# Generate Continuous Prediction Customer Data

This notebook generates realistic data for customers with established transaction history.

**Continuous Scenario**: Customers with 3+ months of activity and rich behavioral data.

We'll generate:
- 50,000 customers
- 500,000+ raw transactions
- Customer interactions and engagement events
- Then derive RFM and other features from raw data

In [None]:
import numpy as np
import pandas as pd
from datetime import datetime, timedelta
import random
from snowflake.snowpark.context import get_active_session
from snowflake.snowpark import functions as F

# Get active Snowflake session
session = get_active_session()

random.seed(42)
np.random.seed(42)

## Configuration

Set your database and schema here:

In [None]:
# Database and schema configuration
DATABASE = 'ML_DEMO'
SCHEMA = 'PUBLIC'

# Set context
session.use_database(DATABASE)
session.use_schema(SCHEMA)

print(f"Using database: {DATABASE}")
print(f"Using schema: {SCHEMA}")
print(f"Current warehouse: {session.get_current_warehouse()}")

## Data Generation Parameters

In [None]:
NUM_CUSTOMERS = 50000
OBSERVATION_DATE = datetime(2024, 6, 30)
MIN_HISTORY_DAYS = 90
MAX_HISTORY_DAYS = 540

## Generate Customer Profiles

In [None]:
customer_segments = ['high_value', 'medium_value', 'low_value', 'at_risk', 'churned']
segment_weights = [0.15, 0.35, 0.30, 0.12, 0.08]

customers = []

for customer_id in range(1, NUM_CUSTOMERS + 1):
    history_days = random.randint(MIN_HISTORY_DAYS, MAX_HISTORY_DAYS)
    signup_date = OBSERVATION_DATE - timedelta(days=history_days)
    
    segment = np.random.choice(customer_segments, p=segment_weights)
    
    age_groups = ['18-24', '25-34', '35-44', '45-54', '55-64', '65+']
    age_group = np.random.choice(age_groups, p=[0.10, 0.30, 0.27, 0.18, 0.10, 0.05])
    
    regions = ['Northeast', 'Southeast', 'Midwest', 'Southwest', 'West']
    region = np.random.choice(regions)
    
    customers.append({
        'CUSTOMER_ID': customer_id,
        'SIGNUP_DATE': signup_date,
        'AGE_GROUP': age_group,
        'REGION': region,
        'SEGMENT': segment,
        'HISTORY_DAYS': history_days
    })

customers_df = pd.DataFrame(customers)
print(f"Generated {len(customers_df)} customer profiles")
customers_df.head()

## Generate Raw Transactions

**Why raw transactions**: In real-world scenarios, we don't have pre-computed features.
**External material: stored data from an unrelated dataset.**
definition mat_transpose :: "('a \<Rightarrow> 'a \<Rightarrow> 'b) \<Rightarrow> 'a \<Rightarrow> 'a \<Rightarrow> 'b" where
  "mat_transpose x = (\<lambda>i j. x j i)"

lemma mat_transpose_involutory [simp]: "mat_transpose (mat_transpose x) = x"
  by (simp add: mat_transpose_def)

lemma inj_mat_transpose: "inj mat_transpose"
  by (metis injI mat_transpose_involutory)

lemma col_assign_eq_transpose_image: "col_assign p q = mat_transpose ` row_assign q p"
proof -
  have iff: "mat_transpose y \<in> row_assign q p \<longleftrightarrow> y \<in> col_assign p q" for y
    by (auto simp: row_assign_def col_assign_def zero_one_mat_def mat_transpose_def)
  show ?thesis
  proof (intro set_eqI iffI)
    fix y
    assume "y \<in> col_assign p q"
    then show "y \<in> mat_transpose ` row_assign q p"
      using iff[of y] by (intro image_eqI[of y _ "mat_transpose y"]) simp_all
  next
    fix y
    assume "y \<in> mat_transpose ` row_assign q p"
    then show "y \<in> col_assign p q"
      by (auto simp flip: iff)
  qed
qed

lemma finite_col_assign: "finite (col_assign p q)"
  by (simp add: col_assign_eq_transpose_image finite_row_assign)

lemma col_assign_entry_mean:
  assumes "k \<in> {1..p}" and "l \<in> {1..q}"
  shows "(\<Sum>y\<in>col_assign p q. y k l) = real (card (col_assign p q)) / real p"
proof -
  have inj: "inj_on mat_transpose (row_assign q p)"
    using inj_mat_transpose by (rule inj_on_subset) simp
  have "(\<Sum>y\<in>col_assign p q. y k l) = (\<Sum>x\<in>row_assign q p. mat_transpose x k l)"
    by (simp add: col_assign_eq_transpose_image sum.reindex[OF inj])
  also have "\<dots> = real (card (row_assign q p)) / real p"
    using row_assign_entry_mean[OF assms(2,1)] by (simp add: mat_transpose_def)
  finally show ?thesis
    by (simp add: col_assign_eq_transpose_image card_image[OF inj])
qed

lemma xmat_in_row_assign:
  assumes "a \<in> {1..q}"
  shows "xmat p q a \<in> row_assign p q"
proof -
  have "zero_one_mat p q (xmat p q a)"
    by (simp add: zero_one_mat_def xmat_def)
  moreover have "(\<Sum>j=1..q. xmat p q a i j) = 1" if "i \<in> {1..p}" for i
    using assms that by (simp add: xmat_def sum.delta')
  ultimately show ?thesis
    by (simp add: row_assign_def)
qed

lemma ymat_eq_transpose_xmat: "ymat p q b = mat_transpose (xmat q p b)"
  by (auto simp: ymat_def xmat_def mat_transpose_def fun_eq_iff)

lemma ymat_in_col_assign:
  assumes "b \<in> {1..p}"
  shows "ymat p q b \<in> col_assign p q"
  using xmat_in_row_assign[OF assms]
  by (simp add: col_assign_eq_transpose_image ymat_eq_transpose_xmat)

lemma xmat_entry_sum:
  assumes "i \<in> {1..p}" and "j \<in> {1..q}"
  shows "(\<Sum>a=1..q. xmat p q a i j) = 1"
  using assms by (simp add: xmat_def)

lemma ymat_entry_sum:
  assumes "k \<in> {1..p}" and "l \<in> {1..q}"
  shows "(\<Sum>b=1..p. ymat p q b k l) = 1"
  using xmat_entry_sum[OF assms(2,1)] by (simp add: ymat_eq_transpose_xmat mat_transpose_def)

lemma Min_le_mean_le_Max:
  fixes g :: "'a \<Rightarrow> real"
  assumes "finite S" and "S \<noteq> {}" and "sum g S = real (card S) * \<mu>"
  shows "Min (g ` S) \<le> \<mu> \<and> \<mu> \<le> Max (g ` S)"
proof -
  have card: "real (card S) > 0"
    using assms(1,2) by (simp add: card_gt_0_iff)
  have "real (card S) * Min (g ` S) \<le> real (card S) * \<mu>"
    using sum_bounded_below[of S "Min (g ` S)" g] assms by simp
  moreover have "real (card S) * \<mu> \<le> real (card S) * Max (g ` S)"
    using sum_bounded_above[of S g "Max (g ` S)"] assms by simp
  ultimately show ?thesis
    using card by simp
qed

lemma bqap_obj_mean_between_Min_Max:
  assumes q: "q \<ge> 1" and r: "r \<ge> 1"
  shows "Min ((\<lambda>(a, b). bqap_obj p q r s Q c d (xmat p q a) (ymat r s b)) ` ({1..q} \<times> {1..r}))
           \<le> (\<Sum>(x, y)\<in>row_assign p q \<times> col_assign r s. bqap_obj p q r s Q c d x y)
             / real (card (row_assign p q \<times> col_assign r s))
       \<and> (\<Sum>(x, y)\<in>row_assign p q \<times> col_assign r s. bqap_obj p q r s Q c d x y)
             / real (card (row_assign p q \<times> col_assign r s))
           \<le> Max ((\<lambda>(a, b). bqap_obj p q r s Q c d (xmat p q a) (ymat r s b)) ` ({1..q} \<times> {1..r}))"
proof -
  let ?mean = "bqap_obj p q r s Q c d (\<lambda>_ _. 1 / real q) (\<lambda>_ _. 1 / real r)"
  let ?feasible = "row_assign p q \<times> col_assign r s"
  have "(\<Sum>(x, y)\<in>?feasible. bqap_obj p q r s Q c d x y)
      = real (card (row_assign p q)) * real (card (col_assign r s)) * ?mean"
    by (rule sum_bqap_obj_product[where X="\<lambda>x. x" and Y="\<lambda>y. y"])
      (simp_all add: row_assign_entry_mean col_assign_entry_mean)
  moreover have "row_assign p q \<noteq> {}" and "col_assign r s \<noteq> {}"
    using xmat_in_row_assign[of 1 q p] ymat_in_col_assign[of 1 r s] q r by auto
  ultimately have feasible_mean: "(\<Sum>(x, y)\<in>?feasible. bqap_obj p q r s Q c d x y)
      / real (card ?feasible) = ?mean"
    by (simp add: card_cartesian_product finite_row_assign finite_col_assign)
  have "(\<Sum>a\<in>{1..q}. xmat p q a i j) = real (card {1..q}) * (1 / real q)"
    if "i \<in> {1..p}" and "j \<in> {1..q}" for i j
    using xmat_entry_sum[OF that] q by simp
  moreover have "(\<Sum>b\<in>{1..r}. ymat r s b k l) = real (card {1..r}) * (1 / real r)"
    if "k \<in> {1..r}" and "l \<in> {1..s}" for k l
    using ymat_entry_sum[OF that] r by simp
  ultimately have "(\<Sum>(a, b)\<in>{1..q} \<times> {1..r}. bqap_obj p q r s Q c d (xmat p q a) (ymat r s b))
      = real (card ({1..q} \<times> {1..r})) * ?mean"
    unfolding card_cartesian_product of_nat_mult by (rule sum_bqap_obj_product)
  from Min_le_mean_le_Max[OF _ _ this] q r show ?thesis
    unfolding feasible_mean by simp
qed

theorem corollary1:
  fixes m n :: nat
    and Q Q' :: "nat \<Rightarrow> nat \<Rightarrow> nat \<Rightarrow> nat \<Rightarrow> real"
    and c d c' d' :: "nat \<Rightarrow> nat \<Rightarrow> real"
  assumes "m \<ge> 1" and "n \<ge> 1"
  shows "Min ((\<lambda>(a, b). f1 m n Q c d (xmat m n a) (ymat m n b)) ` ({1..n} \<times> {1..m}))
           \<le> A1 m n Q c d
       \<and> A1 m n Q c d
           \<le> Max ((\<lambda>(a, b). f1 m n Q c d (xmat m n a) (ymat m n b)) ` ({1..n} \<times> {1..m}))
       \<and> Min ((\<lambda>(a, b). f2 m n Q' c' d' (xmat m m a) (ymat n n b)) ` ({1..m} \<times> {1..n}))
           \<le> A2 m n Q' c' d'
       \<and> A2 m n Q' c' d'
           \<le> Max ((\<lambda>(a, b). f2 m n Q' c' d' (xmat m m a) (ymat n n b)) ` ({1..m} \<times> {1..n}))"
  using bqap_obj_mean_between_Min_Max[where p=m and q=n and r=m and s=n and Q=Q and c=c and d=d]
    bqap_obj_mean_between_Min_Max[where p=m and q=m and r=n and s=n and Q=Q' and c=c' and d=d']
    assms
  by (simp add: A1_def A2_def feas1_def feas2_def f1_eq_bqap_obj f2_eq_bqap_obj)

end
We start with transactional data and must derive meaningful metrics.

In [None]:
transactions = []

product_categories = ['electronics', 'clothing', 'home_goods', 'beauty', 'sports', 'books', 'toys', 'grocery']
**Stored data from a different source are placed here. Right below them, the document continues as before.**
(* A normal mode transformation exists if and only if $\bm{\Omega}$ is positive definite.
   Context: Fix an integer $N\ge 1$, real numbers $v$ with $|v|<1$, $L>0$, $L_{\star}\ge 0$, an integer $M\ge 1$ and real coefficients $c_{1}=1,c_{2},\dots,c_{M}$. Let $F(k)=\sum_{i=1}^{M}(-1)^{i-1}c_{i}L_{\star}^{2i-2}k^{2i-1}$ and $k_{n}=n\pi/L$, and assume $F(k_{n})^{2}\neq v^{2}k_{n}^{2}$ for $n=1,\dots,N$. Put $u_{n}=\sqrt{|F(k_{n})^{2}-v^{2}k_{n}^{2}|}/k_{n}>0$, and $\varepsilon_{n}=1$ if $F(k_{n})^{2}-v^{2}k_{n}^{2}>0$, $\varepsilon_{n}=0$ otherwise. Define $N\times N$ matrices $\bm\sigma,\bm\rho,\bm\xi$ by $\sigma_{nn}=0$, $\sigma_{nm}=\dfrac{2iv\sqrt{nm}\,[1-(-1)^{n+m}]}{\pi\sqrt{u_{n}u_{m}}\,(m^{2}-n^{2})}$ for $n\neq m$, $\bm\rho=\mathrm{diag}(n u_{n}\varepsilon_{n})$, $\bm\xi=\mathrm{diag}(-n u_{n}(1-\varepsilon_{n}))$. With $\mathbf{I}$ the $N\times N$ identity, define the $2N\times 2N$ matrices $\bm{\Sigma}=\begin{pmatrix}\mathbf{I}&\mathbf{0}\\ \mathbf{0}&-\mathbf{I}\end{pmatrix}$, $\bm{\Gamma}=\begin{pmatrix}\mathbf{0}&\mathbf{I}\\ \mathbf{I}&\mathbf{0}\end{pmatrix}$, $\mathbf{R}=\bm{\Sigma}-\begin{pmatrix}\bm\sigma&\bm\sigma\\ \bm\sigma&\bm\sigma\end{pmatrix}$, $\bm{\Omega}=\begin{pmatrix}\bm\rho&\bm\xi\\ \bm\xi&\bm\rho\end{pmatrix}$. Standing assumption: $\mathbf{R}$ is invertible. Let $\mathbf{D}=\mathbf{R}^{-1}\bm{\Omega}$. Here ${}^{*}$ denotes entrywise complex conjugation and ${}^{\mathrm{H}}$ the conjugate transpose. A normal mode transformation is a $2N\times2N$ matrix $\mathbf{T}$ such that (i) $\mathbf{T}^{\mathrm{H}}\mathbf{R}\mathbf{T}=\bm{\Sigma}$; (ii) $\mathbf{T}=\bm{\Gamma}\mathbf{T}^{*}\bm{\Gamma}$; (iii) $\mathbf{T}^{-1}\mathbf{D}\mathbf{T}=\mathrm{diag}(\mu_{1},\dots,\mu_{N},-\mu_{1},\dots,-\mu_{N})$ for some real numbers $\mu_{n}>0$, where $\mathbf{T}^{-1}=\bm{\Sigma}\mathbf{T}^{\mathrm{H}}\mathbf{R}$. *)

theory Defs
  imports Complex_Main "Jordan_Normal_Form.Matrix"
begin

definition dispF :: "real \<Rightarrow> nat \<Rightarrow> (nat \<Rightarrow> real) \<Rightarrow> real \<Rightarrow> real" where
  "dispF Ls M c k = (\<Sum>i=1..M. (-1)^(i-1) * c i * Ls^(2*i-2) * k^(2*i-1))"

definition wavenum :: "real \<Rightarrow> nat \<Rightarrow> real" where
  "wavenum L n = real n * pi / L"

definition discr :: "real \<Rightarrow> real \<Rightarrow> real \<Rightarrow> nat \<Rightarrow> (nat \<Rightarrow> real) \<Rightarrow> nat \<Rightarrow> real" where
  "discr v L Ls M c n = (dispF Ls M c (wavenum L n))^2 - v^2 * (wavenum L n)^2"

definition uu :: "real \<Rightarrow> real \<Rightarrow> real \<Rightarrow> nat \<Rightarrow> (nat \<Rightarrow> real) \<Rightarrow> nat \<Rightarrow> real" where
  "uu v L Ls M c n = sqrt \<bar>discr v L Ls M c n\<bar> / wavenum L n"

definition epsn :: "real \<Rightarrow> real \<Rightarrow> real \<Rightarrow> nat \<Rightarrow> (nat \<Rightarrow> real) \<Rightarrow> nat \<Rightarrow> real" where
  "epsn v L Ls M c n = (if discr v L Ls M c n > 0 then 1 else 0)"

text \<open>N x N matrices, 0-based indices i,j correspond to n = i+1, m = j+1.\<close>
definition sigmaM :: "nat \<Rightarrow> real \<Rightarrow> real \<Rightarrow> real \<Rightarrow> nat \<Rightarrow> (nat \<Rightarrow> real) \<Rightarrow> complex mat" where
  "sigmaM N v L Ls M c = mat N N (\<lambda>(i,j). let n = i+1; m = j+1 in
     if n = m then 0 else
     \<i> * complex_of_real (2 * v * sqrt (real (n*m)) * (1 - (-1)^(n+m))
        / (pi * sqrt (uu v L Ls M c n * uu v L Ls M c m) * (real m ^ 2 - real n ^ 2))))"

definition rhoM :: "nat \<Rightarrow> real \<Rightarrow> real \<Rightarrow> real \<Rightarrow> nat \<Rightarrow> (nat \<Rightarrow> real) \<Rightarrow> real mat" where
  "rhoM N v L Ls M c = mat N N (\<lambda>(i,j). if i = j then
     real (i+1) * uu v L Ls M c (i+1) * epsn v L Ls M c (i+1) else 0)"

definition xiM :: "nat \<Rightarrow> real \<Rightarrow> real \<Rightarrow> real \<Rightarrow> nat \<Rightarrow> (nat \<Rightarrow> real) \<Rightarrow> real mat" where
  "xiM N v L Ls M c = mat N N (\<lambda>(i,j). if i = j then
     - real (i+1) * uu v L Ls M c (i+1) * (1 - epsn v L Ls M c (i+1)) else 0)"

definition SigmaM :: "nat \<Rightarrow> complex mat" where
  "SigmaM N = four_block_mat (1\<^sub>m N) (0\<^sub>m N N) (0\<^sub>m N N) (- 1\<^sub>m N)"

definition GammaM :: "nat \<Rightarrow> complex mat" where
  "GammaM N = four_block_mat (0\<^sub>m N N) (1\<^sub>m N) (1\<^sub>m N) (0\<^sub>m N N)"

definition RM :: "nat \<Rightarrow> real \<Rightarrow> real \<Rightarrow> real \<Rightarrow> nat \<Rightarrow> (nat \<Rightarrow> real) \<Rightarrow> complex mat" where
  "RM N v L Ls M c = SigmaM N -
     four_block_mat (sigmaM N v L Ls M c) (sigmaM N v L Ls M c)
                    (sigmaM N v L Ls M c) (sigmaM N v L Ls M c)"

definition OmegaM :: "nat \<Rightarrow> real \<Rightarrow> real \<Rightarrow> real \<Rightarrow> nat \<Rightarrow> (nat \<Rightarrow> real) \<Rightarrow> real mat" where
  "OmegaM N v L Ls M c = four_block_mat (rhoM N v L Ls M c) (xiM N v L Ls M c)
                                        (xiM N v L Ls M c) (rhoM N v L Ls M c)"

definition inv_mat :: "nat \<Rightarrow> complex mat \<Rightarrow> complex mat" where
  "inv_mat n A = (THE B. B \<in> carrier_mat n n \<and> A * B = 1\<^sub>m n \<and> B * A = 1\<^sub>m n)"

definition DM :: "nat \<Rightarrow> real \<Rightarrow> real \<Rightarrow> real \<Rightarrow> nat \<Rightarrow> (nat \<Rightarrow> real) \<Rightarrow> complex mat" where
  "DM N v L Ls M c = inv_mat (2*N) (RM N v L Ls M c) * map_mat complex_of_real (OmegaM N v L Ls M c)"

definition cconj :: "complex mat \<Rightarrow> complex mat" where
  "cconj A = map_mat cnj A"

definition adj :: "complex mat \<Rightarrow> complex mat" where
  "adj A = transpose_mat (cconj A)"

definition normal_mode_transformation ::
  "nat \<Rightarrow> real \<Rightarrow> real \<Rightarrow> real \<Rightarrow> nat \<Rightarrow> (nat \<Rightarrow> real) \<Rightarrow> complex mat \<Rightarrow> bool" where
  "normal_mode_transformation N v L Ls M c T \<longleftrightarrow>
     (let R = RM N v L Ls M c; Tinv = SigmaM N * adj T * R in
     T \<in> carrier_mat (2*N) (2*N) \<and>
     adj T * R * T = SigmaM N \<and>
     T = GammaM N * cconj T * GammaM N \<and>
     (\<exists>\<mu> :: nat \<Rightarrow> real. (\<forall>i<N. \<mu> i > 0) \<and>
        Tinv * DM N v L Ls M c * T =
        mat_diag (2*N) (\<lambda>i. complex_of_real (if i < N then \<mu> i else - \<mu> (i - N)))))"

definition pos_def_mat :: "nat \<Rightarrow> real mat \<Rightarrow> bool" where
  "pos_def_mat n A \<longleftrightarrow> A \<in> carrier_mat n n \<and> transpose_mat A = A \<and>
     (\<forall>x \<in> carrier_vec n. x \<noteq> 0\<^sub>v n \<longrightarrow> x \<bullet> (A *\<^sub>v x) > 0)"

end

theory Submission
  imports Defs "Jordan_Normal_Form.Schur_Decomposition"
    "HOL-Computational_Algebra.Fundamental_Theorem_Algebra"
begin

lemma dim_adj [simp]: "dim_row (adj A) = dim_col A" "dim_col (adj A) = dim_row A"
  unfolding adj_def cconj_def by auto

lemma adj_carrier_mat [simp]: "A \<in> carrier_mat n m \<Longrightarrow> adj A \<in> carrier_mat m n"
  unfolding adj_def cconj_def by auto

lemma index_adj [simp]: "i < dim_col A \<Longrightarrow> j < dim_row A \<Longrightarrow> adj A $$ (i, j) = cnj (A $$ (j, i))"
  unfolding adj_def cconj_def by auto

lemma adj_adj [simp]: "adj (adj A) = A"
  by (rule eq_matI) auto

lemma adj_one_mat [simp]: "adj (1\<^sub>m n) = 1\<^sub>m n"
  by (rule eq_matI) auto

lemma adj_zero_mat [simp]: "adj (0\<^sub>m n m) = 0\<^sub>m m n"
  by (rule eq_matI) auto

lemma mult_carrier_mat_square [simp]:
  "A \<in> carrier_mat n n \<Longrightarrow> B \<in> carrier_mat n n \<Longrightarrow> A * B \<in> carrier_mat n n"
  by (rule mult_carrier_mat)

lemma cconj_carrier_mat [simp]: "A \<in> carrier_mat n m \<Longrightarrow> cconj A \<in> carrier_mat n m"
  unfolding cconj_def by simp

lemma adj_mult:
  assumes "A \<in> carrier_mat n k" "B \<in> carrier_mat k m"
  shows "adj (A * B) = adj B * adj A"
  by (rule eq_matI) (use assms in \<open>auto simp: scalar_prod_def intro!: sum.cong\<close>)

lemma adj_minus:
  assumes "A \<in> carrier_mat n m" "B \<in> carrier_mat n m"
  shows "adj (A - B) = adj A - adj B"
  by (rule eq_matI) (use assms in auto)

lemma adj_four_block_mat:
  assumes "A \<in> carrier_mat nr1 nc1" "B \<in> carrier_mat nr1 nc2"
    "C \<in> carrier_mat nr2 nc1" "D \<in> carrier_mat nr2 nc2"
  shows "adj (four_block_mat A B C D) = four_block_mat (adj A) (adj C) (adj B) (adj D)"
  unfolding adj_def cconj_def
  by (subst map_four_block_mat[OF assms], subst transpose_four_block_mat) (use assms in auto)

lemma adj_mult_congruence:
  assumes "A \<in> carrier_mat n n" "B \<in> carrier_mat n n" "C \<in> carrier_mat n n"
  shows "adj (A * B) * C * (A * B) = adj B * (adj A * C * A) * B"
  using assms
  by (simp add: adj_mult[of _ n n _ n] assoc_mult_mat[of _ n n _ n _ n] mult_carrier_mat[of _ n n])

lemma cnj_inner:
  fixes x y :: "complex vec"
  assumes "x \<in> carrier_vec n" "y \<in> carrier_vec n"
  shows "cnj (conjugate x \<bullet> y) = conjugate y \<bullet> x"
  using conjugate_conjugate_sprod[OF assms] comm_scalar_prod[of x n "conjugate y"] assms by simp

lemma inner_adj:
  assumes A: "A \<in> carrier_mat n m" and x: "x \<in> carrier_vec m" and y: "y \<in> carrier_vec n"
  shows "conjugate (A *\<^sub>v x) \<bullet> y = conjugate x \<bullet> (adj A *\<^sub>v y)"
proof -
  have "conjugate (A *\<^sub>v x) \<bullet> y = (\<Sum>i<n. \<Sum>j<m. cnj (A $$ (i, j)) * cnj (x $ j) * y $ i)"
    using A x y by (simp add: scalar_prod_def sum_distrib_right atLeast0LessThan)
  also have "\<dots> = (\<Sum>j<m. \<Sum>i<n. cnj (A $$ (i, j)) * cnj (x $ j) * y $ i)"
    by (rule sum.swap)
  also have "\<dots> = conjugate x \<bullet> (adj A *\<^sub>v y)"
    using A x y by (simp add: scalar_prod_def sum_distrib_left atLeast0LessThan ac_simps)
  finally show ?thesis .
qed

lemma inv_mat_inverse:
  assumes A: "A \<in> carrier_mat n n" and inv: "invertible_mat A"
  shows "inv_mat n A \<in> carrier_mat n n" "A * inv_mat n A = 1\<^sub>m n" "inv_mat n A * A = 1\<^sub>m n"
proof -
  from inv obtain B where "inverts_mat A B" "inverts_mat B A"
    unfolding invertible_mat_def by blast
  then have AB: "A * B = 1\<^sub>m n" and BA: "B * A = 1\<^sub>m (dim_row B)"
    using A unfolding inverts_mat_def by simp_all
  have B: "B \<in> carrier_mat n n"
  proof (rule carrier_matI)
    show "dim_row B = n" using arg_cong[OF BA, of dim_col] A by simp
    show "dim_col B = n" using arg_cong[OF AB, of dim_col] by simp
  qed
  have BA': "B * A = 1\<^sub>m n" by (rule mat_mult_left_right_inverse[OF A B AB])
  have "inv_mat n A = B"
    unfolding inv_mat_def
  proof (rule the_equality)
    fix C assume "C \<in> carrier_mat n n \<and> A * C = 1\<^sub>m n \<and> C * A = 1\<^sub>m n"
    then have C: "C \<in> carrier_mat n n" "C * A = 1\<^sub>m n" by simp_all
    have "C = C * (A * B)" using C AB by simp
    also have "\<dots> = (C * A) * B" by (rule assoc_mult_mat[symmetric]) (use C A B in auto)
    also have "\<dots> = B" using C B by simp
    finally show "C = B" .
  qed (use B AB BA' in blast)
  with B AB BA' show "inv_mat n A \<in> carrier_mat n n" "A * inv_mat n A = 1\<^sub>m n" "inv_mat n A * A = 1\<^sub>m n"
    by simp_all
qed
for _, customer in customers_df.iterrows():
    customer_id = customer['CUSTOMER_ID']
    signup_date = customer['SIGNUP_DATE']
    segment = customer['SEGMENT']
    
    if segment == 'HIGH_VALUE':
        num_transactions = int(np.random.uniform(20, 60))
        avg_amount = np.random.uniform(100, 300)
        purchase_frequency_days = 7
    elif segment == 'MEDIUM_VALUE':
        num_transactions = int(np.random.uniform(8, 25))
        avg_amount = np.random.uniform(50, 120)
        purchase_frequency_days = 15
    elif segment == 'LOW_VALUE':
        num_transactions = int(np.random.uniform(3, 10))
        avg_amount = np.random.uniform(20, 60)
        purchase_frequency_days = 30
    elif segment == 'AT_RISK':
        num_transactions = int(np.random.uniform(5, 15))
        avg_amount = np.random.uniform(40, 100)
        purchase_frequency_days = 45
    else:
        num_transactions = int(np.random.uniform(1, 5))
        avg_amount = np.random.uniform(25, 70)
        purchase_frequency_days = 60
    
    current_date = signup_date + timedelta(days=random.randint(0, 7))
    
    for txn in range(num_transactions):
        days_since_last = int(np.random.exponential(purchase_frequency_days))
        current_date = current_date + timedelta(days=max(1, days_since_last))
        
        if current_date > OBSERVATION_DATE:
            break
        
        amount = max(5, np.random.gamma(shape=2, scale=avg_amount/2))
        amount = round(amount, 2)
        
        category = np.random.choice(product_categories)
        quantity = int(np.random.poisson(lam=2) + 1)
        
        transactions.append({
            'TRANSACTION_ID': len(transactions) + 1,
            'CUSTOMER_ID': customer_id,
            'TRANSACTION_DATE': current_date,
            'AMOUNT': amount,
            'PRODUCT_CATEGORY': category,
            'QUANTITY': quantity
        })

transactions_df = pd.DataFrame(transactions)
print(f"Generated {len(transactions_df)} transactions")
transactions_df.head(10)

## Generate Customer Interaction Events

In [None]:
interactions = []
event_types = ['website_visit', 'email_open', 'email_click', 'support_ticket', 'product_view', 'cart_add']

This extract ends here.